For instance, I have following input tensor
in = <tf.Tensor: shape=(4, 5), dtype=float32, numpy=
array([[0., 1., 2., 3., 4.],
[5., 1., 7., 3., 2.],
[9., 9., 2., 3., 5.],
[2., 6., 2., 8., 4.]], dtype=float32)>
I wish to provide a list of column numbers over which I wish to perform pooling, for instance, I wish to perform max pooling over following column indices
pool_cols =
[<tf.Tensor: shape=(2,), dtype=int32, numpy=array([0, 1], dtype=int32)>,
<tf.Tensor: shape=(3,), dtype=int32, numpy=array([2, 3, 4], dtype=int32)>]
And the resultant pooled output will look like
pooled_out = <tf.Tensor: shape=(4, 2), dtype=float32, numpy=
array([[1., 4.],
[5., 7.],
[9., 5.],
[6., 8.]], dtype=float32)>
What would be the most efficient way to do this?
IIUC, you could try something like this using only tf
operations, but I'm not sure how efficient that will be on the GPU:
import tensorflow as tf
tensor = tf.constant([[0., 1., 2., 3., 4.],
[5., 1., 7., 3., 2.],
[9., 9., 2., 3., 5.],
[2., 6., 2., 8., 4.]])
pool_cols = [tf.constant([0, 1]), tf.constant([2, 3, 4])]
def column_max_pooling(tensor, pool_cols):
results = []
tensor_shape = tf.shape(tensor)
for col in pool_cols:
col_shape = tf.shape(col)
t = tf.gather_nd(tensor, tf.transpose(tf.stack([tf.tile(tf.range(tensor_shape[0]), [col_shape[0]]), tf.repeat(col, [tensor_shape[0]])])))
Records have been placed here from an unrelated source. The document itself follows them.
lemma supporting_functional_at_boundary:
  fixes \<sigma> :: "(real^'d) set"
  assumes "rat_poly_cone \<sigma>" and pointed: "\<sigma> \<inter> uminus ` \<sigma> = {0}"
    and x0: "x0 \<in> dual_cone \<sigma>" "x0 \<notin> interior (dual_cone \<sigma>)"
  obtains u where "\<And>s. s \<in> semigrp \<sigma> \<Longrightarrow> 0 \<le> inner u (rvec s)" "inner u x0 = 0"
    "\<exists>s\<in>semigrp \<sigma>. 0 < inner u (rvec s)"
proof -
  obtain V :: "(int^'d) set" where "finite V" and \<sigma>: "\<sigma> = convex_cone hull (rvec ` V)"
    using assms(1) by (auto simp: rat_poly_cone_def)
  then obtain U where U: "open U" "U \<noteq> {}" "U \<subseteq> dual_cone \<sigma>"
    and cone: "\<And>x c. x \<in> U \<Longrightarrow> 0 < c \<Longrightarrow> c *\<^sub>R x \<in> U"
    using dual_cone_contains_open_cone[OF _ \<sigma> pointed] by blast
  have U_interior: "U \<subseteq> interior (dual_cone \<sigma>)" using U interior_maximal by blast
  then have rel_int: "rel_interior (dual_cone \<sigma>) = interior (dual_cone \<sigma>)"
    using U(2) rel_interior_nonempty_interior by blast
  have "x0 \<in> closure (dual_cone \<sigma>)" using x0(1) closure_subset by blast
  moreover have "x0 \<notin> rel_interior (dual_cone \<sigma>)" using x0(2) rel_int by simp
  ultimately obtain u where sup: "\<And>y. y \<in> closure (dual_cone \<sigma>) \<Longrightarrow> inner u x0 \<le> inner u y"
    and strict: "\<And>y. y \<in> rel_interior (dual_cone \<sigma>) \<Longrightarrow> inner u x0 < inner u y"
    using supporting_hyperplane_relative_frontier[OF convex_dual_cone] by blast
  have nonneg: "inner u x0 \<le> inner u y" if "y \<in> dual_cone \<sigma>" for y
    using sup that closure_subset by blast
  have "0 \<in> dual_cone \<sigma>" "2 *\<^sub>R x0 \<in> dual_cone \<sigma>" using x0(1) by (auto simp: dual_cone_def)
  then have "inner u x0 \<le> 0" "inner u x0 \<le> 2 * inner u x0" using nonneg by fastforce+
  then have ux0: "inner u x0 = 0" by linarith
  obtain p where "p \<in> U" using U(2) by blast
  then obtain s where "rvec s \<in> U" using lattice_point_in_open_cone[OF U(1) _ cone] by blast
  then have "s \<in> semigrp \<sigma>" "0 < inner u (rvec s)"
    using U(3) U_interior rel_int strict ux0 by (auto simp: semigrp_def)
  moreover have "0 \<le> inner u (rvec s)" if "s \<in> semigrp \<sigma>" for s
    using nonneg that ux0 by (simp add: semigrp_def)
  ultimately show ?thesis using that ux0 by blast
qed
t = tf.reduce_max(tf.transpose(tf.reshape(t, (col_shape[0], tensor_shape[0]))), axis=-1, keepdims=True)
results.append(t)
return tf.concat(results, axis=-1)
print(column_max_pooling(tensor, pool_cols))
tf.Tensor(
[[1. 4.]
[5. 7.]
[9. 5.]
[6. 8.]], shape=(4, 2), dtype=float32)
If you can guarantee the order of pool_cols
, you could also try using tf.math.unsorted_segment_max
:
import tensorflow as tf
tensor = tf.constant([[0., 1., 2., 3., 4.],
[5., 1., 7., 3., 2.],
[9., 9., 2., 3., 5.],
[2., 6., 2., 8., 4.]])
pool_cols = [tf.constant([0, 1]), tf.constant([2, 3, 4])]
result = tf.transpose(tf.math.unsorted_segment_max(tf.transpose(tensor), tf.concat([tf.repeat(idx, tf.shape(col)[0])for idx, col in enumerate(pool_cols)], axis=0), num_segments=len(pool_cols)))
print(result)
tf.Tensor(
[[1. 4.]
[5. 7.]
[9. 5.]
[6. 8.]], shape=(4, 2), dtype=float32)